Pass nested C++ vector as built-in style multi-dim

2019-07-13 00:23发布

问题:

If I have a vector in C++, I know I can safely pass it as an array (pointer to the contained type):

void some_function(size_t size, int array[])
{
    // impl here...
}

// ...
std::vector<int> test;
some_function(test.size(), &test[0]);

Is it safe to do this with a nested vector?

void some_function(size_t x, size_t y, size_t z, int* multi_dimensional_array)
{
    // impl here...
}

// ...

std::vector<std::vector<std::vector<int> > > test;
// initialize with non-jagged dimensions, ensure they're not empty, then...
some_function(test.size(), test[0].size(), test[0][0].size(), &test[0][0][0]);

Edit:

If it is not safe, what are some alternatives, both if I can change the signature of some_function, and if I can't?

回答1:

Short answer is "no".

Elements here std::vector<std::vector<std::vector<int> > > test; are not replaced in contiguous memory area.



回答2:

You can only expect multi_dimensional_array to point to a contiguos memory block of size test[0][0].size() * sizeof(int). But that is probably not what you want.



回答3:

It is erroneous to take the address of any location in a vector and pass it. It might seem to work, but don't count on it.

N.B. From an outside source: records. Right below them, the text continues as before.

(* Let \[D_1=\{t\in[a,b]\cap N_g^-: t\in (D_g\cap[a,t))'\},\quad D_2=\{t\in[a,b]\cap N_g^+: t\in (D_g\cap(t,b])'\},\] \[D_3=\{t\in[a,b]\setminus (N_g\cup D_g): t\in (D_g\cap[a,b])'\},\] and consider the restriction $\Delta g|_{[a,b]}$. For $t\in[a,b]$: 1. If $t^*\in D_1\cup D_2\cup D_3$, then $\Delta g|_{[a,b]}$ is $g$-differentiable at $t$ if and only if $\displaystyle\lim_{s\to t^*,\ s\in D_g}\frac{\Delta g|_{[a,b]}(s)}{g(s)-g(t)}=0$, the limit being the left-hand one if $t^*\in N_g^-$ and the right-hand one if $t^*\in N_g^+$. 2. In any other case, $\Delta g|_{[a,b]}$ is $g$-differentiable at $t$. Furthermore, if $\Delta g|_{[a,b]}$ is $g$-differentiable at $t$, then $(\Delta g|_{[a,b]})'_g(t)=-\chi_{D_g}(t^* )$. In particular, $\Delta g|_{[a,b]}$ is $g$-differentiable on $[a,b]$ with this derivative if $\displaystyle\lim_{s\to t,\ s\in D_g}\frac{\Delta g|_{[a,b]}(s)}{g(s)-g(t)}=0$ for all $t\in D_1\cup D_2\cup D_3$ (with the same convention on one-sided limits).
   Context: Let $g:\mathbb R\to\mathbb R$ be nondecreasing and left-continuous. $\Delta g(t)=g(t^+)-g(t)$, $D_g=\{t:\Delta g(t)>0\}$, $C_g=\{t: g\text{ constant on }(t-\varepsilon,t+\varepsilon)\text{ for some }\varepsilon>0\}=\bigcup_{n\in\Lambda}(a_n,b_n)$ (disjoint union of connected components), $N_g^-=\{a_n\}\setminus D_g$, $N_g^+=\{b_n\}\setminus D_g$, $N_g=N_g^-\cup N_g^+$. Fix $a<b$ with $a\notin N_g^-$, $b\notin D_g\cup C_g\cup N_g^+$. For $t\in[a,b]$, $t^*=t$ if $t\notin C_g$ and $t^*=b_n$ if $t\in(a_n,b_n)$. The $g$-derivative of $u:[a,b]\to\mathbb R$ at $t$ is $u'_g(t)=\lim_{s\to t}\frac{u(s)-u(t)}{g(s)-g(t)}$ if $t\notin D_g\cup C_g$ and $u'_g(t)=\lim_{s\to t^{*+}}\frac{u(s)-u(t^* )}{g(s)-g(t^* )}$ if $t\in D_g\cup C_g$, provided the finite limit exists; limits are over $s\in[a,b]$ with nonzero denominator, and at points of $N_g^+\cup\{a\}$ only the right-hand limit, at points of $N_g^-\cup\{b\}$ only the left-hand limit is taken. $X'$ is the set of accumulation points of $X$; $\chi_{D_g}$ the indicator of $D_g$. *)

theory Defs
  imports "HOL-Analysis.Analysis"
begin

definition deltag :: "(real \<Rightarrow> real) \<Rightarrow> real \<Rightarrow> real" where
  "deltag g t = Lim (at_right t) g - g t"

definition Dg :: "(real \<Rightarrow> real) \<Rightarrow> real set" where
  "Dg g = {t. deltag g t > 0}"

definition Cg :: "(real \<Rightarrow> real) \<Rightarrow> real set" where
  "Cg g = {t. \<exists>e>0. \<forall>s\<in>{t-e<..<t+e}. g s = g t}"

definition Nminus :: "(real \<Rightarrow> real) \<Rightarrow> real set" where
  "Nminus g = {x. \<exists>c\<in>Cg g. bdd_below (connected_component_set (Cg g) c)
                     \<and> x = Inf (connected_component_set (Cg g) c)} - Dg g"

definition Nplus :: "(real \<Rightarrow> real) \<Rightarrow> real set" where
  "Nplus g = {x. \<exists>c\<in>Cg g. bdd_above (connected_component_set (Cg g) c)
                     \<and> x = Sup (connected_component_set (Cg g) c)} - Dg g"

definition Ng :: "(real \<Rightarrow> real) \<Rightarrow> real set" where
  "Ng g = Nminus g \<union> Nplus g"

definition tstar :: "(real \<Rightarrow> real) \<Rightarrow> real \<Rightarrow> real" where
  "tstar g t = (if t \<in> Cg g then Sup (connected_component_set (Cg g) t) else t)"

definition gside :: "(real \<Rightarrow> real) \<Rightarrow> real \<Rightarrow> real \<Rightarrow> real \<Rightarrow> real set" where
  "gside g a b t = (if t \<in> Nplus g \<or> t = a then {t<..}
                    else if t \<in> Nminus g \<or> t = b then {..<t} else UNIV)"

definition has_gderiv ::
  "(real \<Rightarrow> real) \<Rightarrow> real \<Rightarrow> real \<Rightarrow> (real \<Rightarrow> real) \<Rightarrow> real \<Rightarrow> real \<Rightarrow> bool" where
  "has_gderiv g a b u t L =
     (if t \<in> Dg g \<union> Cg g then
        ((\<lambda>s. (u s - u (tstar g t)) / (g s - g (tstar g t))) \<longlongrightarrow> L)
          (at (tstar g t) within ({tstar g t<..} \<inter> {a..b} \<inter> {s. g s \<noteq> g (tstar g t)}))
      else
        ((\<lambda>s. (u s - u t) / (g s - g t)) \<longlongrightarrow> L)
          (at t within (gside g a b t \<inter> {a..b} \<inter> {s. g s \<noteq> g t})))"

definition g_differentiable ::
  "(real \<Rightarrow> real) \<Rightarrow> real \<Rightarrow> real \<Rightarrow> (real \<Rightarrow> real) \<Rightarrow> real \<Rightarrow> bool" where
  "g_differentiable g a b u t = (\<exists>L. has_gderiv g a b u t L)"

text \<open>Restriction of Delta g to [a,b] (values outside [a,b] are irrelevant).\<close>
definition deltag_restr :: "(real \<Rightarrow> real) \<Rightarrow> real \<Rightarrow> real \<Rightarrow> real \<Rightarrow> real" where
  "deltag_restr g a b s = (if s \<in> {a..b} then deltag g s else 0)"

definition lside :: "(real \<Rightarrow> real) \<Rightarrow> real \<Rightarrow> real set" where
  "lside g x = (if x \<in> Nminus g then {..<x} else if x \<in> Nplus g then {x<..} else UNIV)"

definition D1 :: "(real \<Rightarrow> real) \<Rightarrow> real \<Rightarrow> real \<Rightarrow> real set" where
  "D1 g a b = {t \<in> {a..b} \<inter> Nminus g. t islimpt (Dg g \<inter> {a..<t})}"

definition D2 :: "(real \<Rightarrow> real) \<Rightarrow> real \<Rightarrow> real \<Rightarrow> real set" where
  "D2 g a b = {t \<in> {a..b} \<inter> Nplus g. t islimpt (Dg g \<inter> {t<..b})}"

definition D3 :: "(real \<Rightarrow> real) \<Rightarrow> real \<Rightarrow> real \<Rightarrow> real set" where
  "D3 g a b = {t \<in> {a..b} - (Ng g \<union> Dg g). t islimpt (Dg g \<inter> {a..b})}"

end

theory Submission
  imports Defs
begin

The reason why is closely tied to why a vector is a vector, and not an array. We want a vector to grow dynamically, unlike an array. We want insertions into a vector be a constant cost and not depend on the size of the vector, like an array until you hit the allocated size of the array.

So how does the magic work? When there is no more internal space to add a next element to the vector, a new space is allocated twice the size of the old. The old space is copied to the new and the old space is no longer needed, or valid, which makes dangling any pointer to the old space. Twice the space is allocated so the average cost of insertion to the vector that is constant.



回答4:

Is it safe to do this with a nested vector?

Yes, IF you want to access the inner-most vector only, and as long you know the number of elements it contains, and you don't try accessing more than that.

But seeing your function signature, it seems that you want to acess all three dimensions, in that case, no, that isn't valid.

The alternative is that you can call the function some_function(size_t size, int array[]) for each inner-most vector (if that solves your problem); and for that you can do this trick (or something similar):

void some_function(std::vector<int> & v1int)
{
    //the final call to some_function(size_t size, int array[]) 
    //which actually process the inner-most vectors
    some_function(v1int.size(), &v1int[0]);
}
void some_function(std::vector<std::vector<int> > & v2int)
{
    //call some_function(std::vector<int> & v1int) for each element!
    std::for_each(v2int.begin(), v2int.end(), some_function);
}

//call some_function(std::vector<std::vector<int> > & v2int) for each element!
std::for_each(test.begin(), test.end(), some_function);


回答5:

A very simple solution would be to simply copy the contents of the nested vector into one vector and pass it to that function. But this depends on how much overhead you are willing to take.

That being sad: Nested vectorS aren't good practice. A matrix class storing everything in contiguous memory and managing access is really more efficient and less ugly and would possibly allow something like T* matrix::get_raw() but the ordering of the contents would still be an implementation detail.



回答6:

Simple answer - no, it is not. Did you try compiling this? And why not just pass the whole 3D vector as a reference? If you are trying to access old C code in this manner, then you cannot.



回答7:

It would be much safer to pass the vector, or a reference to it:

void some_function(std::vector<std::vector<std::vector<int>>> & vector);

You can then get the size and items within the function, leaving less risk for mistakes. You can copy the vector or pass a pointer/reference, depending on expected size and use.

If you need to pass across modules, then it becomes slightly more complicated.



回答8:

Trying to use &top_level_vector[0] and pass that to a C-style function that expects an int* isn't safe.

To support correct C-style access to a multi-dimensional array, all the bytes of all the hierarchy of arrays would have to be contiguous. In a c++ std::vector, this is true for the items contained by a vector, but not for the vector itself. If you try to take the address of the top-level vector, ala &top_level_vector[0], you're going to get an array of vectors, not an array of int.

The vector structure isn't simply an array of the contained type. It is implemented as a structure containing a pointer, as well as size and capacity book-keeping data. Therefore the question's std::vector<std::vector<std::vector<int> > > is more or less a hierarchical tree of structures, stitched together with pointers. Only the final leaf nodes in that tree are blocks of contiguous int values. And each of those blocks of memory are not necessarily contiguous to any other block.

In order to interface with C, you can only pass the contents of a single vector. So you'll have to create a single std::vector<int> of size x * y * z. Or you could decide to re-structure your C code to handle a single 1-dimensional stripe of data at a time. Then you could keep the hierarchy, and only pass in the contents of leaf vectors.